Clinical laboratories access databases that use one or a combination of historical data (before the use of the genomic reference assembly) and data based on the reference assembly in designating base coordinates. Attention to the origin of the coordinate system used and mapping to the appropriate reference assembly is required when querying databases. The National Center for Biotechnology Information and others have generated tools for remapping different versions of the reference assembly to permit comparisons of findings derived using a different accession.version of the reference assembly (http://www.ncbi.nlm.nih.gov/genome/tools/remap, last accessed December 5, 2016).
Alignment against the full genome during exome and genome sequencing has been recommended as a means to reduce forced alignments that can result in miscalls because of the presence of homologous sequences.10 Other practices, such as the use of decoy sequences, can minimize misalignment of reads to homologous off-target sequences.

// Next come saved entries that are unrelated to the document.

(* Let $0<\mathbb{P}_l<\mathbb{P}_u$ and $0<\mathbb{S}_l<\mathbb{S}_u$, and let $P_t$ be a positive integrable random variable (the pool price at time $t$ under the risk-neutral pricing measure, with zero interest rate). For $K>0$ let $\mathbf{C}(K)=\mathbb{E}[(P_t-K)^+]$ and $\mathbf{P}(K)=\mathbb{E}[(K-P_t)^+]$ be the European call and put prices with maturity $t$ and strike $K$. With $\mathrm{UIL}^{\mathtt{R}}$ and $\mathrm{UIL}^{\mathtt{L}}$ as defined in the context, $$\mathbb{E}[\mathrm{UIL}^{\mathtt{R}}]=-\tfrac12\int_{\mathbb{P}_l}^{\mathbb{P}_u}K^{-3/2}\mathbf{C}(K)\,\mathrm{d}K,\qquad \mathbb{E}[\mathrm{UIL}^{\mathtt{L}}]=-\tfrac12\int_{\mathbb{S}_l}^{\mathbb{S}_u}K^{-3/2}\mathbf{P}(K)\,\mathrm{d}K.$$
   Context: Unit impermanent losses per liquidity for the exit price $P_t$: $\mathrm{UIL}^{\mathtt{R}}=\big(2\sqrt{P_t}-\tfrac{P_t}{\sqrt{\mathbb{P}_l}}-\sqrt{\mathbb{P}_l}\big)\mathbf{1}_{\{\mathbb{P}_l\le P_t\le \mathbb{P}_u\}}+\big(\sqrt{\mathbb{P}_u}-\sqrt{\mathbb{P}_l}-(\tfrac{1}{\sqrt{\mathbb{P}_l}}-\tfrac{1}{\sqrt{\mathbb{P}_u}})P_t\big)\mathbf{1}_{\{P_t\ge \mathbb{P}_u\}}$ (liquidity supplied on the interval $[\mathbb{P}_l,\mathbb{P}_u]$ to the right of the initial price), and $\mathrm{UIL}^{\mathtt{L}}=\big(2\sqrt{P_t}-\tfrac{P_t}{\sqrt{\mathbb{S}_u}}-\sqrt{\mathbb{S}_u}\big)\mathbf{1}_{\{\mathbb{S}_l\le P_t\le \mathbb{S}_u\}}+\big((\tfrac{1}{\sqrt{\mathbb{S}_l}}-\tfrac{1}{\sqrt{\mathbb{S}_u}})P_t-\sqrt{\mathbb{S}_u}+\sqrt{\mathbb{S}_l}\big)\mathbf{1}_{\{P_t\le \mathbb{S}_l\}}$ (liquidity supplied on $[\mathbb{S}_l,\mathbb{S}_u]$ to the left of the initial price). Here $y^+=\max(y,0)$. *)

theory Defs
  imports "HOL-Probability.Probability"
begin

text \<open>Unit impermanent loss, liquidity on [Pl, Pu] to the right of the initial price.
  Written piecewise; the two branches agree at p = Pu.\<close>
definition UIL_R :: "real \<Rightarrow> real \<Rightarrow> real \<Rightarrow> real" where
  "UIL_R Pl Pu p =
     (if Pl \<le> p \<and> p \<le> Pu then 2 * sqrt p - p / sqrt Pl - sqrt Pl
      else if p \<ge> Pu then sqrt Pu - sqrt Pl - (1 / sqrt Pl - 1 / sqrt Pu) * p
      else 0)"

definition UIL_L :: "real \<Rightarrow> real \<Rightarrow> real \<Rightarrow> real" where
  "UIL_L Sl Su p =
     (if Sl \<le> p \<and> p \<le> Su then 2 * sqrt p - p / sqrt Su - sqrt Su
      else if p \<le> Sl then (1 / sqrt Sl - 1 / sqrt Su) * p - sqrt Su + sqrt Sl
      else 0)"

definition call_price :: "'a measure \<Rightarrow> ('a \<Rightarrow> real) \<Rightarrow> real \<Rightarrow> real" where
  "call_price M P K = (\<integral>x. max (P x - K) 0 \<partial>M)"

definition put_price :: "'a measure \<Rightarrow> ('a \<Rightarrow> real) \<Rightarrow> real \<Rightarrow> real" where
  "put_price M P K = (\<integral>x. max (K - P x) 0 \<partial>M)"

end

(* For a fixed exit price p, the function K \<mapsto> K^(-3/2) (p - K) has the primitive
   -2 p / sqrt K - 2 sqrt K.  Integrating K^(-3/2) (p - K)^+ over the strike interval
   therefore stops at the price clamped to the interval, and the result is -2 UIL^R(p);
   since (K - p)^+ = (p - K)^+ - (p - K), the put integral gives -2 UIL^L(p) in the same way.
   These pathwise identities hold for every real p.
   Taking expectations and exchanging them with the strike integral by Fubini, which is
   legitimate because the integrand is bounded by an affine function of |P|, yields the
   theorem. *)
theory Submission
  imports Defs
begin

definition payoff_primitive :: "real \<Rightarrow> real \<Rightarrow> real" where
  "payoff_primitive p K = - 2 * (p / sqrt K) - 2 * sqrt K"

lemma powr_minus_three_halves:
  fixes K :: real
  assumes "0 < K"
  shows "K powr (-3/2) = 1 / (K * sqrt K)"
proof -
  have "K powr (3/2) = K powr (1 + 1/2)"
    by simp
  also have "\<dots> = K * sqrt K"
    using assms by (simp only: powr_add powr_one) (simp add: powr_half_sqrt)
  finally show ?thesis
    by (simp add: powr_minus_divide)
qed

lemma has_real_derivative_payoff_primitive:
  assumes "0 < K"
  shows "(payoff_primitive p has_real_derivative K powr (-3/2) * (p - K)) (at K)"
proof -
  have "(payoff_primitive p has_real_derivative
          p / (K * sqrt K) - 1 / sqrt K) (at K)"
    unfolding payoff_primitive_def using assms
    by (auto intro!: derivative_eq_intros simp: field_simps)
  also have "p / (K * sqrt K) - 1 / sqrt K = K powr (-3/2) * (p - K)"
    using assms by (simp only: powr_minus_three_halves[OF assms]) (simp add: field_simps)
  finally show ?thesis .
qed

lemma has_integral_weighted_forward_payoff:
  assumes "0 < a" and "a \<le> b"
  shows "((\<lambda>K. K powr (-3/2) * (p - K)) has_integral
           payoff_primitive p b - payoff_primitive p a) {a..b}"
proof (rule fundamental_theorem_of_calculus[OF \<open>a \<le> b\<close>])
  fix K assume "K \<in> {a..b}"
  then have "0 < K"
    using \<open>0 < a\<close> by auto
  then show "(payoff_primitive p has_vector_derivative K powr (-3/2) * (p - K))
               (at K within {a..b})"
    unfolding has_real_derivative_iff_has_vector_derivative[symmetric]
    by (rule has_field_derivative_at_within[OF has_real_derivative_payoff_primitive])
qed

lemma has_integral_weighted_call_payoff:
  fixes a b p :: real
  assumes "0 < a" and "a \<le> b"
  defines "m \<equiv> max a (min b p)"
  shows "((\<lambda>K. K powr (-3/2) * max (p - K) 0) has_integral
           payoff_primitive p m - payoff_primitive p a) {a..b}"
proof -
  have "a \<le> m" "m \<le> b"
    using assms by auto
  have "((\<lambda>K. K powr (-3/2) * max (p - K) 0) has_integral
           payoff_primitive p m - payoff_primitive p a) {a..m}"
  proof (rule has_integral_spike_finite[of "{a, m}"])
    show "K powr (-3/2) * max (p - K) 0 = K powr (-3/2) * (p - K)" if "K \<in> {a..m} - {a, m}" for K
      using that by (auto simp: m_def)
  qed (use has_integral_weighted_forward_payoff[OF \<open>0 < a\<close> \<open>a \<le> m\<close>] in auto)
  moreover have "((\<lambda>K. K powr (-3/2) * max (p - K) 0) has_integral 0) {m..b}"
  proof (rule has_integral_spike_finite[of "{m, b}"])
    show "K powr (-3/2) * max (p - K) 0 = 0" if "K \<in> {m..b} - {m, b}" for K
      using that by (auto simp: m_def)
  qed auto
  ultimately show ?thesis
    using has_integral_combine[OF \<open>a \<le> m\<close> \<open>m \<le> b\<close>] by fastforce
qed

lemma has_integral_weighted_put_payoff:
  fixes a b p :: real
  assumes "0 < a" and "a \<le> b"
  defines "m \<equiv> max a (min b p)"
  shows "((\<lambda>K. K powr (-3/2) * max (K - p) 0) has_integral
           payoff_primitive p m - payoff_primitive p b) {a..b}"
proof -
  have parity: "K powr (-3/2) * max (K - p) 0
      = K powr (-3/2) * max (p - K) 0 - K powr (-3/2) * (p - K)" for K
    by (simp add: max_def algebra_simps)
  show ?thesis
    using has_integral_diff[OF has_integral_weighted_call_payoff[OF assms(1,2), where p = p]
        has_integral_weighted_forward_payoff[OF assms(1,2), where p = p]]
    unfolding parity m_def by simp
qed

lemma UIL_R_eq_payoff_primitive:
  assumes "0 < a" and "a \<le> b"
  shows "- 2 * UIL_R a b p = payoff_primitive p (max a (min b p)) - payoff_primitive p a"
proof -
  consider "p < a" | "a \<le> p" "p \<le> b" | "b < p"
    by linarith
  then show ?thesis
    using assms by cases (auto simp: UIL_R_def payoff_primitive_def real_div_sqrt algebra_simps)
qed

lemma UIL_L_eq_payoff_primitive:
  assumes "0 < a" and "a \<le> b"
  shows "- 2 * UIL_L a b p = payoff_primitive p (max a (min b p)) - payoff_primitive p b"
proof -
  consider "p < a" | "a \<le> p" "p \<le> b" | "b < p"
    by linarith
  then show ?thesis
    using assms by cases (auto simp: UIL_L_def payoff_primitive_def real_div_sqrt algebra_simps)
qed

lemma set_borel_integral_eq_has_integral_Icc:
  fixes f :: "real \<Rightarrow> real"
  assumes "continuous_on {a..b} f" and "(f has_integral I) {a..b}"
  shows "(LBINT x:{a..b}. f x) = I"
  using set_borel_integral_eq_integral(2)[OF borel_integrable_atLeastAtMost'[OF assms(1)]]
    integral_unique[OF assms(2)] by simp

lemma set_integral_weighted_call_payoff:
  assumes "0 < a" and "a \<le> b"
  shows "(LBINT K:{a..b}. K powr (-3/2) * max (p - K) 0) = - 2 * UIL_R a b p"
proof (rule set_borel_integral_eq_has_integral_Icc)
  show "continuous_on {a..b} (\<lambda>K. K powr (-3/2) * max (p - K) 0)"
    using assms by (intro continuous_intros) auto
  show "((\<lambda>K. K powr (-3/2) * max (p - K) 0) has_integral - 2 * UIL_R a b p) {a..b}"
    unfolding UIL_R_eq_payoff_primitive[OF assms] by (rule has_integral_weighted_call_payoff[OF assms])
qed

lemma set_integral_weighted_put_payoff:
  assumes "0 < a" and "a \<le> b"
  shows "(LBINT K:{a..b}. K powr (-3/2) * max (K - p) 0) = - 2 * UIL_L a b p"
proof (rule set_borel_integral_eq_has_integral_Icc)
  show "continuous_on {a..b} (\<lambda>K. K powr (-3/2) * max (K - p) 0)"
    using assms by (intro continuous_intros) auto
  show "((\<lambda>K. K powr (-3/2) * max (K - p) 0) has_integral - 2 * UIL_L a b p) {a..b}"
    unfolding UIL_L_eq_payoff_primitive[OF assms] by (rule has_integral_weighted_put_payoff[OF assms])
qed

lemma set_integral_expectation_swap:
  fixes f :: "real \<Rightarrow> real \<Rightarrow> real" and P :: "'a \<Rightarrow> real"
  assumes "finite_measure M" and "integrable M P"
    and f_measurable: "case_prod f \<in> borel_measurable (borel \<Otimes>\<^sub>M borel)"
    and f_bound: "\<And>p K. K \<in> {a..b} \<Longrightarrow> \<bar>f p K\<bar> \<le> c * \<bar>p\<bar> + d"
  shows "(LBINT K:{a..b}. \<integral>x. f (P x) K \<partial>M) = (\<integral>x. (LBINT K:{a..b}. f (P x) K) \<partial>M)"
proof -
  interpret finite_measure M by fact
  interpret pair_sigma_finite M lborel ..
  have [measurable]: "P \<in> borel_measurable M"
    using \<open>integrable M P\<close> by auto
  define g where "g x K = indicator {a..b} K * (c * \<bar>P x\<bar> + d)" for x K
  define h where "h x K = indicator {a..b} K * f (P x) K" for x K
  have g_integrable: "integrable (M \<Otimes>\<^sub>M lborel) (case_prod g)"
  proof (rule Fubini_integrable)
    show "case_prod g \<in> borel_measurable (M \<Otimes>\<^sub>M lborel)"
      unfolding g_def by measurable
    have "(\<integral>K. norm (g x K) \<partial>lborel) = measure lborel {a..b} * \<bar>c * \<bar>P x\<bar> + d\<bar>" for x
      by (simp add: g_def abs_mult)
    then show "integrable M (\<lambda>x. \<integral>K. norm (case_prod g (x, K)) \<partial>lborel)"
      using \<open>integrable M P\<close> by simp
    show "AE x in M. integrable lborel (\<lambda>K. case_prod g (x, K))"
      by (simp add: g_def emeasure_lborel_Icc_eq)
  qed
  have h_integrable: "integrable (M \<Otimes>\<^sub>M lborel) (case_prod h)"
  proof (rule Bochner_Integration.integrable_bound[OF g_integrable])
    show "case_prod h \<in> borel_measurable (M \<Otimes>\<^sub>M lborel)"
      unfolding h_def using f_measurable by measurable
    have "\<bar>h x K\<bar> \<le> \<bar>g x K\<bar>" for x K
      using f_bound[of K "P x"] by (auto simp: h_def g_def indicator_def)
    then show "AE z in M \<Otimes>\<^sub>M lborel. norm (case_prod h z) \<le> norm (case_prod g z)"
      by (intro AE_I2) (auto split: prod.split)
  qed
  show ?thesis
    using Fubini_integral[OF h_integrable]
    by (simp add: set_lebesgue_integral_def h_def)
qed

lemma abs_powr_weight_le:
  fixes a b K p y :: real
  assumes "0 < a" and "a \<le> K" and "\<bar>y\<bar> \<le> \<bar>p\<bar> + b"
  shows "\<bar>K powr (-3/2) * y\<bar> \<le> a powr (-3/2) * \<bar>p\<bar> + a powr (-3/2) * b"
proof -
  have "K powr (-3/2) \<le> a powr (-3/2)"
    using assms by (intro powr_mono2') auto
  then have "K powr (-3/2) * \<bar>y\<bar> \<le> a powr (-3/2) * (\<bar>p\<bar> + b)"
    using assms by (intro mult_mono) auto
  then show ?thesis
    by (simp add: abs_mult distrib_left)
qed

lemma expected_UIL_R:
  assumes "finite_measure M" and "integrable M P" and "0 < a" and "a \<le> b"
  shows "(\<integral>x. UIL_R a b (P x) \<partial>M) = - 1/2 * (LBINT K:{a..b}. K powr (-3/2) * call_price M P K)"
proof -
  have "(LBINT K:{a..b}. K powr (-3/2) * call_price M P K)
      = (LBINT K:{a..b}. \<integral>x. K powr (-3/2) * max (P x - K) 0 \<partial>M)"
    by (simp add: call_price_def)
  also have "\<dots> = (\<integral>x. (LBINT K:{a..b}. K powr (-3/2) * max (P x - K) 0) \<partial>M)"
    using assms
    by (intro set_integral_expectation_swap[where c = "a powr (-3/2)" and d = "a powr (-3/2) * b"]
        abs_powr_weight_le) auto
  also have "\<dots> = (\<integral>x. - 2 * UIL_R a b (P x) \<partial>M)"
    using set_integral_weighted_call_payoff[OF assms(3,4)] by simp
  finally show ?thesis
    by simp
qed

lemma expected_UIL_L:
  assumes "finite_measure M" and "integrable M P" and "0 < a" and "a \<le> b"
  shows "(\<integral>x. UIL_L a b (P x) \<partial>M) = - 1/2 * (LBINT K:{a..b}. K powr (-3/2) * put_price M P K)"
proof -
  have "(LBINT K:{a..b}. K powr (-3/2) * put_price M P K)
      = (LBINT K:{a..b}. \<integral>x. K powr (-3/2) * max (K - P x) 0 \<partial>M)"
    by (simp add: put_price_def)
  also have "\<dots> = (\<integral>x. (LBINT K:{a..b}. K powr (-3/2) * max (K - P x) 0) \<partial>M)"
    using assms
    by (intro set_integral_expectation_swap[where c = "a powr (-3/2)" and d = "a powr (-3/2) * b"]
        abs_powr_weight_le) auto
  also have "\<dots> = (\<integral>x. - 2 * UIL_L a b (P x) \<partial>M)"
    using set_integral_weighted_put_payoff[OF assms(3,4)] by simp
  finally show ?thesis
    by simp
qed

theorem proposition2:
  fixes M :: "'a measure" and P :: "'a \<Rightarrow> real" and Pl Pu Sl Su :: real
  assumes "prob_space M"
    and "integrable M P"
    and "\<forall>x\<in>space M. 0 < P x"
    and "0 < Pl" and "Pl < Pu"
    and "0 < Sl" and "Sl < Su"
  shows "(\<integral>x. UIL_R Pl Pu (P x) \<partial>M)
           = - 1/2 * (LBINT K:{Pl..Pu}. K powr (-3/2) * call_price M P K)
         \<and> (\<integral>x. UIL_L Sl Su (P x) \<partial>M)
           = - 1/2 * (LBINT K:{Sl..Su}. K powr (-3/2) * put_price M P K)"
proof -
  have "finite_measure M"
    using \<open>prob_space M\<close> by (rule prob_space.finite_measure)
  then show ?thesis
    using assms by (simp add: expected_UIL_R expected_UIL_L)
qed

end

Many laboratories align reads from analysis of multigene panels against laboratory-selected sequences that correspond to genes included in the panel. This practice requires mapping of sequence findings back to the human genome reference sequence to establish the corresponding genomic coordinates. Laboratory-selected sequences may be taken from databases available through the National Center for Biotechnology Information or European Informatics Institute [eg, RefSeq (http://www.ncbi.nlm.nih.gov/refseq, last accessed December 5, 2016) and LRG (http://www.lrg-sequence.org, last accessed December 5, 2016)] in which cross mapping against the human reference assembly using standardized methods is performed and results posted with the database entry. This provides an unambiguous description and assignment of genomic coordinates for all entries. The workgroup recommends that laboratory-selected reference sequences not available from publically accessible databases (eg, RefSeq, LRG) should be submitted to one or more of these databases for publication to allow for comparable cross mapping against the human genome reference assembly. The workgroup discourages cross mapping outside these methods because differences in software and settings among laboratories raise the risk for incorrect assignment of genomic coordinates.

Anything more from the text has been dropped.